Fondamentalement, Massive Attack n'a jamais varié d'un iota: une ligne de basse sombre et tenace comme un chagrin d'hiver, juste rehaussée d'une voix soul, déchirante comme l'espoir d'un printemps qui tarde. La réussite de ce cinquième opus, Heligoland, doit surtout au flair de 3D et Daddy G pour deviner quelles voix se marieront avec leurs mixes électro atmosphériques. Tunde Adebimpe, chanteur de TV on the Radio, apporte sa sensualité hypnotique dans Pray for Rain. Martina Topley-Bird, ex-muse de Tricky, fait des merveilles dans Babel. Damon Albarn, entre la reformation de Blur et Gorillaz, a pris le temps de participer au splendide délire électro-soul Saturday Come Slow. Enfin, il y a Hope Sandoval qui, en solo ou avec son groupe Mazzy Star, est un miracle de douceur mélancolique sur les boucles rythmiques sophistiquées de Paradise Circus. Sa voix fera fondre les coeurs de pierre et les sceptiques qui pensaient Massive Attack enterré.
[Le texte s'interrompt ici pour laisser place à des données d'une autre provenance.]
(* Let $T>0$, $0\leq t<T$, $\tau=T-t$, $r\geq 0$, $\sigma>0$, $n\in\mathbb{N}$, and let $S_t>0$ and $M_t>0$ with $S_t\geq M_t$. Put $u=e^{\sigma\sqrt{\tau/n}}$, $d=u^{-1}$, $q=\frac{u-e^{-r\tau/n}}{u-d}$ and $j_0=\frac{\log(S_t/M_t)}{\sigma\sqrt{\tau/n}}$. Let $\Lambda^{j_0}_{j,k,n}$ and $J$ be as in the context, and define the discrete (Cheuk–Vorst) price of the European lookback call with floating strike at time $t$ by \[ C^{fl}_n(t) = S_t \sum_{j\in J} (1-u^{-j})\sum_{k=0}^n \Lambda^{j_0}_{j,k,n}\, q^k(1-q)^{n-k}. \] Then $C^{fl}_n(t) = S_t(V_1-V_2+V_3)$, where, with $k_{\min}=n-\lfloor \frac{n+j_0}{2}\rfloor$ and $k_{\max}=k_{\max}(j)=\lfloor\frac{n-\lfloor j_0\rfloor-1+j}{2}\rfloor$, \begin{align*} V_1&=\sum_{k=k_{\min}}^{n}(1-u^{n-j_0-2k}) \binom{n}{k}q^k(1-q)^{n-k},\\ V_2&=\sum_{k=k_{\min}}^{n-\lfloor j_0\rfloor-1}(1-u^{n-j_0-2k})\binom{n}{k+\lfloor j_0\rfloor+1} q^k(1-q)^{n-k},\\ V_3&=\sum_{j=0}^{n-\lfloor j_0\rfloor-1}(1-u^{-j}) \sum_{k=j}^{k_{\max}}\Big[\binom{n}{k-j}-\binom{n}{k-j-1}\Big] q^k(1-q)^{n-k}. \end{align*}
   Context: Here $S_t$ is the current price of the underlying and $M_t=\min_{t^*\leq t}S_{t^*}$ its running minimum since emission. Consider the directed graph with initial node $(0,j_0)$ in which, from each node $(m,j_m)$ with $0\leq m<n$, there are exactly two edges: an "up" edge to $(m+1,j_m+1)$ and a "down" edge to $(m+1,\max(j_m-1,0))$. $\Lambda^{j_0}_{j,k,n}$ is the number of paths from $(0,j_0)$ to $(n,j)$ with exactly $k$ up jumps, and $J$ is the set of levels $j$ such that $(n,j)$ is reachable from $(0,j_0)$. $\lfloor x\rfloor$ is the integer part; binomial coefficients $\binom{n}{i}$ are $0$ for $i<0$ or $i>n$. *)

theory Defs
  imports Complex_Main
begin

text \<open>Level reached after following a path (list of moves, True = up, False = down)
  from level j: up goes to j+1, down goes to max (j-1) 0.  Levels are real since
  the initial level j_0 need not be an integer.\<close>
fun end_level :: "real \<Rightarrow> bool list \<Rightarrow> real" where
  "end_level j [] = j"
| "end_level j (b # bs) = end_level (if b then j + 1 else max (j - 1) 0) bs"

definition Lambda :: "real \<Rightarrow> real \<Rightarrow> nat \<Rightarrow> nat \<Rightarrow> nat" where
  "Lambda j0 j k n = card {p. length p = n \<and> length (filter id p) = k \<and> end_level j0 p = j}"

definition reach_levels :: "real \<Rightarrow> nat \<Rightarrow> real set" where
  "reach_levels j0 n = {j. \<exists>p. length p = n \<and> end_level j0 p = j}"

definition binom :: "nat \<Rightarrow> int \<Rightarrow> real" where
  "binom n i = (if i < 0 \<or> i > int n then 0 else real (n choose nat i))"

definition C_fl :: "real \<Rightarrow> real \<Rightarrow> real \<Rightarrow> real \<Rightarrow> nat \<Rightarrow> real" where
  "C_fl S u q j0 n = S * (\<Sum>j\<in>reach_levels j0 n. (1 - u powr (- j)) *
       (\<Sum>k=0..n. real (Lambda j0 j k (n::nat)) * q ^ k * (1 - q) ^ (n - k)))"

end

theory Submission
  imports Defs
begin

text \<open>A path with \<open>k\<close> up moves, run without the reflection at \<open>0\<close>, ends at \<open>j\<^sub>0 + 2k - n\<close>;
  if \<open>D\<close> is the depth by which it falls below its starting point, the reflected path ends at
  \<open>2k - n + max j\<^sub>0 D\<close>. Paths with \<open>D \<le> \<lfloor>j\<^sub>0\<rfloor>\<close> never feel the barrier; by the reflection
  principle there are \<open>C(n,k) - C(n,k+\<lfloor>j\<^sub>0\<rfloor>+1)\<close> of them, which gives \<open>V\<^sub>1 - V\<^sub>2\<close>. The other
  paths end at the integer level \<open>j = 2k - n + D\<close>, and for fixed \<open>k\<close> and \<open>j\<close> there are
  \<open>C(n,k-j) - C(n,k-j-1)\<close> of them, which gives \<open>V\<^sub>3\<close>.\<close>

definition up_moves :: "bool list \<Rightarrow> nat" where
  "up_moves p = length (filter id p)"

lemma up_moves_Nil [simp]: "up_moves [] = 0"
  by (simp add: up_moves_def)

lemma up_moves_Cons [simp]: "up_moves (b # bs) = (if b then Suc (up_moves bs) else up_moves bs)"
  by (simp add: up_moves_def)

lemma up_moves_le_length: "up_moves p \<le> length p"
  by (simp add: up_moves_def)

text \<open>The depth by which the unreflected walk along \<open>p\<close> falls below its starting level.\<close>
fun max_drop :: "bool list \<Rightarrow> nat" where
  "max_drop [] = 0"
| "max_drop (b # bs) = (if b then max_drop bs - 1 else max_drop bs + 1)"

lemma max_drop_lower_bound: "int (length p) - 2 * int (up_moves p) \<le> int (max_drop p)"
  by (induction p) auto

lemma max_drop_add_up_moves_le: "max_drop p + up_moves p \<le> length p"
  by (induction p) auto

lemma end_level_eq_max_drop:
  "a \<ge> 0 \<Longrightarrow> end_level a p = real (2 * up_moves p) - real (length p) + max a (real (max_drop p))"
proof (induction p arbitrary: a)
  case Nil
  then show ?case by simp
next
  case (Cons b bs)
  show ?case
  proof (cases b)
    case True
    then have "end_level a (b # bs) =
        real (2 * up_moves bs) - real (length bs) + max (a + 1) (real (max_drop bs))"
      using Cons by simp
    then show ?thesis using True Cons.prems by (auto simp: of_nat_diff max_def)
  next
    case False
    then have "end_level a (b # bs) =
        real (2 * up_moves bs) - real (length bs) + max (max (a - 1) 0) (real (max_drop bs))"
      using Cons by simp
    then show ?thesis using False by (auto simp: max_def)
  qed
qed

lemma finite_paths: "finite {p :: bool list. length p = n \<and> P p}"
  by (rule finite_subset[OF _ finite_lists_length_eq[OF finite_UNIV, of n]]) auto

lemma card_paths_Suc:
  "card {p. length p = Suc n \<and> P p} =
     card {p. length p = n \<and> P (True # p)} + card {p. length p = n \<and> P (False # p)}"
proof -
  have "{p. length p = Suc n \<and> P p} =
      Cons True ` {p. length p = n \<and> P (True # p)} \<union> Cons False ` {p. length p = n \<and> P (False # p)}"
  proof (intro equalityI subsetI)
    fix x assume "x \<in> {p. length p = Suc n \<and> P p}"
    then obtain b xs where "x = b # xs" "length xs = n" "P (b # xs)"
      by (auto simp: length_Suc_conv)
    then show "x \<in> Cons True ` {p. length p = n \<and> P (True # p)} \<union>
        Cons False ` {p. length p = n \<and> P (False # p)}"
      by (cases b) auto
  qed auto
  then show ?thesis
    by (simp only:) (subst card_Un_disjoint, auto simp: finite_paths card_image)
qed

lemma binom_Suc: "binom (Suc n) i = binom n (i - 1) + binom n i"
proof -
  consider "i \<le> 0" | "0 < i \<and> i \<le> int n" | "i = int n + 1" | "i > int n + 1"
    by linarith
  then show ?thesis
  proof cases
    case 2
    then have "nat i = Suc (nat (i - 1))" "nat (i - 1) < n" by auto
    then show ?thesis using 2 by (simp add: binom_def)
  next
    case 3
    then have "nat i = Suc n" by simp
    then show ?thesis using 3 by (simp add: binom_def)
  qed (auto simp: binom_def)
qed

lemma binom_reflect: "binom n (int n - i) = binom n i"
proof (cases "i < 0 \<or> i > int n")
  case False
  then obtain m where "i = int m" "m \<le> n"
    by (metis linorder_not_le nat_0_le nat_le_iff)
  then have "nat (int n - i) = n - m" by simp
  then show ?thesis using \<open>i = int m\<close> \<open>m \<le> n\<close> by (simp add: binom_def binomial_symmetric[symmetric])
qed (auto simp: binom_def)

text \<open>Reflection principle: reflecting a path that falls more than \<open>h\<close> below its start in the
  level \<open>-h-1\<close>, up to its first visit there, gives a bijection onto the paths with \<open>k+h+1\<close> down
  moves.\<close>
lemma card_paths_max_drop_le:
  assumes "h \<ge> -1"
  shows "real (card {p. length p = n \<and> int (up_moves p) = k \<and> int (max_drop p) \<le> h}) =
    (if - h \<le> 2 * k - int n then binom n k - binom n (k + h + 1) else 0)"
  using assms
proof (induction n arbitrary: k h)
  case 0
  show ?case
  proof (cases "h = -1")
    case False
    then have "{p. length p = 0 \<and> int (up_moves p) = k \<and> int (max_drop p) \<le> h} =
        (if k = 0 then {[]} else {})"
      using 0 by auto
    then show ?thesis using 0 False by (auto simp: binom_def)
  qed (simp add: binom_def)
next
  case (Suc n)
  show ?case
  proof (cases "h = -1")
    case False
    then have h: "h \<ge> 0" using Suc.prems by simp
    have "{p. length p = n \<and> int (up_moves (True # p)) = k \<and> int (max_drop (True # p)) \<le> h} =
        {p. length p = n \<and> int (up_moves p) = k - 1 \<and> int (max_drop p) \<le> h + 1}"
      "{p. length p = n \<and> int (up_moves (False # p)) = k \<and> int (max_drop (False # p)) \<le> h} =
        {p. length p = n \<and> int (up_moves p) = k \<and> int (max_drop p) \<le> h - 1}"
      using h by auto
    then have "real (card {p. length p = Suc n \<and> int (up_moves p) = k \<and> int (max_drop p) \<le> h}) =
        real (card {p. length p = n \<and> int (up_moves p) = k - 1 \<and> int (max_drop p) \<le> h + 1}) +
        real (card {p. length p = n \<and> int (up_moves p) = k \<and> int (max_drop p) \<le> h - 1})"
      using card_paths_Suc[of n "\<lambda>p. int (up_moves p) = k \<and> int (max_drop p) \<le> h"] by simp
    also have "\<dots> =
        (if - h - 1 \<le> 2 * k - int n - 2 then binom n (k - 1) - binom n (k + h + 1) else 0) +
        (if - h + 1 \<le> 2 * k - int n then binom n k - binom n (k + h) else 0)"
      using Suc.IH[of "h + 1" "k - 1"] Suc.IH[of "h - 1" k] h by (simp add: algebra_simps)
    also have "\<dots> = (if - h \<le> 2 * k - int (Suc n) then
        binom (Suc n) k - binom (Suc n) (k + h + 1) else 0)"
      using binom_Suc[of n k] binom_Suc[of n "k + h + 1"] by (simp add: algebra_simps)
    finally show ?thesis .
  qed (simp add: binom_def)
qed

lemma card_paths_max_drop_eq:
  assumes "0 \<le> j" and "1 \<le> int n + j - 2 * k"
  shows "real (card {p. length p = n \<and> int (up_moves p) = k \<and> int (max_drop p) = int n + j - 2 * k}) =
    binom n (k - j) - binom n (k - j - 1)"
proof -
  define D where "D = int n + j - 2 * k"
  let ?A = "{p. length p = n \<and> int (up_moves p) = k \<and> int (max_drop p) \<le> D}"
  let ?B = "{p. length p = n \<and> int (up_moves p) = k \<and> int (max_drop p) \<le> D - 1}"
  have "{p. length p = n \<and> int (up_moves p) = k \<and> int (max_drop p) = D} = ?A - ?B"
    by auto
  moreover have "?B \<subseteq> ?A" by auto
  ultimately have "real (card {p. length p = n \<and> int (up_moves p) = k \<and> int (max_drop p) = D}) =
      real (card ?A) - real (card ?B)"
    by (simp add: card_Diff_subset finite_paths card_mono of_nat_diff)
  moreover have "binom n (k + D) = binom n (k - j)" "binom n (k + D + 1) = binom n (k - j - 1)"
    using binom_reflect[of n "k - j"] binom_reflect[of n "k - j - 1"]
    unfolding D_def by (simp_all add: algebra_simps)
  moreover have "real (card ?A) = binom n k - binom n (k + D + 1)"
    using card_paths_max_drop_le[of D n k] assms unfolding D_def by simp
  moreover have "real (card ?B) = (if j = 0 then 0 else binom n k - binom n (k + D))"
  proof -
    have "- (D - 1) \<le> 2 * k - int n \<longleftrightarrow> j \<noteq> 0" using assms(1) unfolding D_def by auto
    moreover have "D \<ge> 1" using assms(2) unfolding D_def .
    ultimately show ?thesis using card_paths_max_drop_le[of "D - 1" n k] by simp
  qed
  ultimately have "real (card {p. length p = n \<and> int (up_moves p) = k \<and> int (max_drop p) = D}) =
      binom n (k - j) - binom n (k - j - 1)"
    by auto
  then show ?thesis unfolding D_def .
qed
Massive Attack & Hope Sandoval - Paradise Circus (New Song)

Depuis 1991 et Blue Lines, jusqu'à 1998 avec Mezzanine, le groupe avait inventé le son d'une décennie. Les années 2000 furent sombres, avec des collaborations ratées et un album dont on préfère ne plus citer le nom. Sans restaurer le lustre passé, Heligoland laisse entrevoir un avenir radieux pour les champions du chagrin.